## WORK REQUEST
Search the listing below for the string "open" and show each line that contains it.

────────

(* Let $\Sigma,O$ be nominal $\mathrm{Sb}$-sets with $\dim(\Sigma)\le1$. Let $\mathcal{A}=(Q,\delta,o,q_0)$ be a nominal automaton with input alphabet $U\Sigma$ and output alphabet $UO$, and let $L\colon\Sigma^*\to O$ be the language accepted by $\mathcal{A}$. Suppose $L$ is $\mathrm{Sb}$-equivariant. Let $S\colon(U\Sigma)^{( * )}\to UO$ be the separated language accepted by the separated automaton $\mathcal{A}_*$. Then $L=\overline{S}$, where $\overline{S}\colon\Sigma^*\to O$ is the unique $\mathrm{Sb}$-equivariant function whose restriction to separated words is $S$.
   Context: Atoms $\mathbb{A}$ (countably infinite); $\mathrm{Sb}$ = monoid of functions $\mathbb{A}\to\mathbb{A}$ that are the identity outside a finite set; $\mathrm{Perm}$ its bijections. For $M\in\{\mathrm{Sb},\mathrm{Perm}\}$ a nominal $M$-set is an $M$-set whose elements $x$ have finite supports $C$ ($m_1|_C=m_2|_C\Rightarrow m_1x=m_2x$, $m_i\in M$); $\mathrm{supp}(x)$ is the least one; $\dim(X)=\max_x|\mathrm{supp}(x)|$. $U$ restricts $\mathrm{Sb}$-actions to $\mathrm{Perm}$. $x\perp y$ means disjoint supports; $A\otimes B=\{(a,b)\mid a\perp b\}$. $\Sigma^*$ is the set of words with pointwise action; $(U\Sigma)^{( * )}$ is the set of separated words (letters with pairwise disjoint supports). A nominal automaton $(Q,\delta,o,q_0)$ over input $\Sigma'$ and output $O'$ (nominal $\mathrm{Perm}$-sets) consists of a nominal $\mathrm{Perm}$-set $Q$, equivariant $\delta\colon Q\times\Sigma'\to Q$, equivariant $o\colon Q\to O'$, and $q_0\in Q$ with empty support; its semantics $l(x,\varepsilon)=o(x)$, $l(x,aw)=l(\delta(x,a),w)$, and its accepted language is $w\mapsto l(q_0,w)$. The separated automaton $\mathcal{A}_*=(Q,\delta|_{Q\otimes\Sigma'},o,q_0)$ has separated semantics $s$, defined on pairs $(x,w)$ with $w$ a separated word and $x\perp w$, by $s(x,\varepsilon)=o(x)$ and $s(x,aw)=s(\delta(x,a),w)$ whenever $x\perp aw$ and $a\perp w$; its accepted separated language is $w\mapsto s(q_0,w)$ on separated words. (A unique $\mathrm{Sb}$-equivariant extension $\overline{S}$ of any $\mathrm{Perm}$-equivariant $S\colon(U\Sigma)^{( * )}\to UO$ exists when $\dim\Sigma\le1$.) *)

theory Defs
  imports Main
begin

type_synonym atom = nat

definition Sb :: "(atom \<Rightarrow> atom) set" where
  "Sb = {f. finite {a. f a \<noteq> a}}"

definition Perm :: "(atom \<Rightarrow> atom) set" where
  "Perm = {f \<in> Sb. bij f}"

definition is_Mset :: "(atom \<Rightarrow> atom) set \<Rightarrow> ((atom \<Rightarrow> atom) \<Rightarrow> 'x \<Rightarrow> 'x) \<Rightarrow> bool" where
  "is_Mset M act \<longleftrightarrow> (\<forall>x. act id x = x) \<and>
     (\<forall>m1\<in>M. \<forall>m2\<in>M. \<forall>x. act (m1 \<circ> m2) x = act m1 (act m2 x))"

definition supports :: "(atom \<Rightarrow> atom) set \<Rightarrow> ((atom \<Rightarrow> atom) \<Rightarrow> 'x \<Rightarrow> 'x) \<Rightarrow> atom set \<Rightarrow> 'x \<Rightarrow> bool" where
  "supports M act C x \<longleftrightarrow>
     (\<forall>m1\<in>M. \<forall>m2\<in>M. (\<forall>a\<in>C. m1 a = m2 a) \<longrightarrow> act m1 x = act m2 x)"

definition nominal :: "(atom \<Rightarrow> atom) set \<Rightarrow> ((atom \<Rightarrow> atom) \<Rightarrow> 'x \<Rightarrow> 'x) \<Rightarrow> bool" where
  "nominal M act \<longleftrightarrow> is_Mset M act \<and> (\<forall>x. \<exists>C. finite C \<and> supports M act C x)"

text \<open>The least finite support (the intersection of all finite supports; for
  nominal sets this is itself a support).\<close>
definition supp :: "(atom \<Rightarrow> atom) set \<Rightarrow> ((atom \<Rightarrow> atom) \<Rightarrow> 'x \<Rightarrow> 'x) \<Rightarrow> 'x \<Rightarrow> atom set" where
  "supp M act x = \<Inter>{C. finite C \<and> supports M act C x}"

definition dim_le_1 :: "(atom \<Rightarrow> atom) set \<Rightarrow> ((atom \<Rightarrow> atom) \<Rightarrow> 'x \<Rightarrow> 'x) \<Rightarrow> bool" where
  "dim_le_1 M act \<longleftrightarrow> (\<forall>x. card (supp M act x) \<le> 1)"

definition wact :: "((atom \<Rightarrow> atom) \<Rightarrow> 'x \<Rightarrow> 'x) \<Rightarrow> (atom \<Rightarrow> atom) \<Rightarrow> 'x list \<Rightarrow> 'x list" where
  "wact act m w = map (act m) w"

definition equivariant :: "(atom \<Rightarrow> atom) set \<Rightarrow> ((atom \<Rightarrow> atom) \<Rightarrow> 'x \<Rightarrow> 'x) \<Rightarrow>
    ((atom \<Rightarrow> atom) \<Rightarrow> 'y \<Rightarrow> 'y) \<Rightarrow> ('x \<Rightarrow> 'y) \<Rightarrow> bool" where
  "equivariant M actX actY f \<longleftrightarrow> (\<forall>m\<in>M. \<forall>x. f (actX m x) = actY m (f x))"

definition separated :: "((atom \<Rightarrow> atom) \<Rightarrow> 'x \<Rightarrow> 'x) \<Rightarrow> 'x list \<Rightarrow> bool" where
  "separated act w \<longleftrightarrow> (\<forall>i<length w. \<forall>j<length w. i \<noteq> j \<longrightarrow>
      supp Perm act (w ! i) \<inter> supp Perm act (w ! j) = {})"

text \<open>Nominal automaton (Q, delta, o, q0) over input U Sigma and output U O
  (all actions restricted to Perm).\<close>
definition nominal_automaton ::
  "((atom \<Rightarrow> atom) \<Rightarrow> 'q \<Rightarrow> 'q) \<Rightarrow> ((atom \<Rightarrow> atom) \<Rightarrow> 's \<Rightarrow> 's) \<Rightarrow> ((atom \<Rightarrow> atom) \<Rightarrow> 'o \<Rightarrow> 'o) \<Rightarrow>
   ('q \<Rightarrow> 's \<Rightarrow> 'q) \<Rightarrow> ('q \<Rightarrow> 'o) \<Rightarrow> 'q \<Rightarrow> bool" where
  "nominal_automaton actQ actS actO \<delta> out q0 \<longleftrightarrow>
     nominal Perm actQ \<and> nominal Perm actS \<and> nominal Perm actO \<and>
     (\<forall>m\<in>Perm. \<forall>q a. \<delta> (actQ m q) (actS m a) = actQ m (\<delta> q a)) \<and>
     equivariant Perm actQ actO out \<and>
     supp Perm actQ q0 = {}"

────────

## RESPONSE
text \<open>The least finite support (the intersection of all finite supports; for
text \<open>Nominal automaton (Q, delta, o, q0) over input U Sigma and output U O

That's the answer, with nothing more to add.